WORK ITEM:
Could you transcribe the whole listing, keeping every line exactly the same?

:: TASK DATA

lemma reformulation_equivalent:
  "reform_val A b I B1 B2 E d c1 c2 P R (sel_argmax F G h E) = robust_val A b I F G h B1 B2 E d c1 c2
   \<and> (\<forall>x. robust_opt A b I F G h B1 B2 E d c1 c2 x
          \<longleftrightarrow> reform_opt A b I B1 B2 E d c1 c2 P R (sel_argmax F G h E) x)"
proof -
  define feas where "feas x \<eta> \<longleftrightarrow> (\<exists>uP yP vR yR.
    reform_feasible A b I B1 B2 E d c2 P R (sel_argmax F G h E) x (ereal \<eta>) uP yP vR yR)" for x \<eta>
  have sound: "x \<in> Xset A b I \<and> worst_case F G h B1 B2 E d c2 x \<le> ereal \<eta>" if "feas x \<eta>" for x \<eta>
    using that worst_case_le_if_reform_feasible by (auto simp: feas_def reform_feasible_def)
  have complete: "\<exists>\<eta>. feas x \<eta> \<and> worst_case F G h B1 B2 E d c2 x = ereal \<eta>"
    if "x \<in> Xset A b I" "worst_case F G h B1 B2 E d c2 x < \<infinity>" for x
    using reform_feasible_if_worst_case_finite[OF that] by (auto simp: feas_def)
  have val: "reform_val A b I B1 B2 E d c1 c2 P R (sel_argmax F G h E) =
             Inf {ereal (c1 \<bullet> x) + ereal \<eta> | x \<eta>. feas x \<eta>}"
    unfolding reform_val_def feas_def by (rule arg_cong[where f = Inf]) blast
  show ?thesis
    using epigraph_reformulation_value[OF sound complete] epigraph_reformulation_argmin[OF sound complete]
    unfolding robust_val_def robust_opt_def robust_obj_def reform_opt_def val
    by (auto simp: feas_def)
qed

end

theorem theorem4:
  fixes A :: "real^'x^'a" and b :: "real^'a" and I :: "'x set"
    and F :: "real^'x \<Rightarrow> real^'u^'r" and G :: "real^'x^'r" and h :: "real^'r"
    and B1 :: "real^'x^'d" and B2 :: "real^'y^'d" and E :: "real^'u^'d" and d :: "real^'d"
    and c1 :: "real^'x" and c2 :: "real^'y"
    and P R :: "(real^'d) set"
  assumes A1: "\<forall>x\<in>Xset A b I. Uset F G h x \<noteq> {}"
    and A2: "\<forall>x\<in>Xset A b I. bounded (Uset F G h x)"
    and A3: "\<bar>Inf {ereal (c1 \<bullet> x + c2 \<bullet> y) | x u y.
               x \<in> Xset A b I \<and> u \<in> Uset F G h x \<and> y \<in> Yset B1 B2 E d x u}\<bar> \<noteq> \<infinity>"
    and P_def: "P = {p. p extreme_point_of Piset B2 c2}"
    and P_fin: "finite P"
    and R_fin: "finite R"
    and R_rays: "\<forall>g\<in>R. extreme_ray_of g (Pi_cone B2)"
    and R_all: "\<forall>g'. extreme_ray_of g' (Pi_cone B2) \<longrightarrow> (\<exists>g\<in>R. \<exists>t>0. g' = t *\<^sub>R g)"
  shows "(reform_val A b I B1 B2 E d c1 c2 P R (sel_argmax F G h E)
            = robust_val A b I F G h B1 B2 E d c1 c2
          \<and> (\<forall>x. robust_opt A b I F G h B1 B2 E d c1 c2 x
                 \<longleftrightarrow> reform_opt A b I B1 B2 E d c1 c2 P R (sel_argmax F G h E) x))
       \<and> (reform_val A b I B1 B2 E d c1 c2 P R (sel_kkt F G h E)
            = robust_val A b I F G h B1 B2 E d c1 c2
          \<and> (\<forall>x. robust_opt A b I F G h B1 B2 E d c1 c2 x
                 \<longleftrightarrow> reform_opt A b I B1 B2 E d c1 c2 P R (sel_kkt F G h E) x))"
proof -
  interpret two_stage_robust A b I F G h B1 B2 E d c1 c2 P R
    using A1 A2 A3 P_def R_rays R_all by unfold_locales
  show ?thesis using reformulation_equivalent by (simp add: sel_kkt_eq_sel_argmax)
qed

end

::::

TASK OUTPUT:
lemma reformulation_equivalent:
  "reform_val A b I B1 B2 E d c1 c2 P R (sel_argmax F G h E) = robust_val A b I F G h B1 B2 E d c1 c2
   \<and> (\<forall>x. robust_opt A b I F G h B1 B2 E d c1 c2 x
          \<longleftrightarrow> reform_opt A b I B1 B2 E d c1 c2 P R (sel_argmax F G h E) x)"
proof -
  define feas where "feas x \<eta> \<longleftrightarrow> (\<exists>uP yP vR yR.
    reform_feasible A b I B1 B2 E d c2 P R (sel_argmax F G h E) x (ereal \<eta>) uP yP vR yR)" for x \<eta>
  have sound: "x \<in> Xset A b I \<and> worst_case F G h B1 B2 E d c2 x \<le> ereal \<eta>" if "feas x \<eta>" for x \<eta>
    using that worst_case_le_if_reform_feasible by (auto simp: feas_def reform_feasible_def)
  have complete: "\<exists>\<eta>. feas x \<eta> \<and> worst_case F G h B1 B2 E d c2 x = ereal \<eta>"
    if "x \<in> Xset A b I" "worst_case F G h B1 B2 E d c2 x < \<infinity>" for x
    using reform_feasible_if_worst_case_finite[OF that] by (auto simp: feas_def)
  have val: "reform_val A b I B1 B2 E d c1 c2 P R (sel_argmax F G h E) =
             Inf {ereal (c1 \<bullet> x) + ereal \<eta> | x \<eta>. feas x \<eta>}"
    unfolding reform_val_def feas_def by (rule arg_cong[where f = Inf]) blast
  show ?thesis
    using epigraph_reformulation_value[OF sound complete] epigraph_reformulation_argmin[OF sound complete]
    unfolding robust_val_def robust_opt_def robust_obj_def reform_opt_def val
    by (auto simp: feas_def)
qed

end

theorem theorem4:
  fixes A :: "real^'x^'a" and b :: "real^'a" and I :: "'x set"
    and F :: "real^'x \<Rightarrow> real^'u^'r" and G :: "real^'x^'r" and h :: "real^'r"
    and B1 :: "real^'x^'d" and B2 :: "real^'y^'d" and E :: "real^'u^'d" and d :: "real^'d"
    and c1 :: "real^'x" and c2 :: "real^'y"
    and P R :: "(real^'d) set"
  assumes A1: "\<forall>x\<in>Xset A b I. Uset F G h x \<noteq> {}"
    and A2: "\<forall>x\<in>Xset A b I. bounded (Uset F G h x)"
    and A3: "\<bar>Inf {ereal (c1 \<bullet> x + c2 \<bullet> y) | x u y.
               x \<in> Xset A b I \<and> u \<in> Uset F G h x \<and> y \<in> Yset B1 B2 E d x u}\<bar> \<noteq> \<infinity>"
    and P_def: "P = {p. p extreme_point_of Piset B2 c2}"
    and P_fin: "finite P"
    and R_fin: "finite R"
    and R_rays: "\<forall>g\<in>R. extreme_ray_of g (Pi_cone B2)"
    and R_all: "\<forall>g'. extreme_ray_of g' (Pi_cone B2) \<longrightarrow> (\<exists>g\<in>R. \<exists>t>0. g' = t *\<^sub>R g)"
  shows "(reform_val A b I B1 B2 E d c1 c2 P R (sel_argmax F G h E)
            = robust_val A b I F G h B1 B2 E d c1 c2
          \<and> (\<forall>x. robust_opt A b I F G h B1 B2 E d c1 c2 x
                 \<longleftrightarrow> reform_opt A b I B1 B2 E d c1 c2 P R (sel_argmax F G h E) x))
       \<and> (reform_val A b I B1 B2 E d c1 c2 P R (sel_kkt F G h E)
            = robust_val A b I F G h B1 B2 E d c1 c2
          \<and> (\<forall>x. robust_opt A b I F G h B1 B2 E d c1 c2 x
                 \<longleftrightarrow> reform_opt A b I B1 B2 E d c1 c2 P R (sel_kkt F G h E) x))"
proof -
  interpret two_stage_robust A b I F G h B1 B2 E d c1 c2 P R
    using A1 A2 A3 P_def R_rays R_all by unfold_locales
  show ?thesis using reformulation_equivalent by (simp add: sel_kkt_eq_sel_argmax)
qed

end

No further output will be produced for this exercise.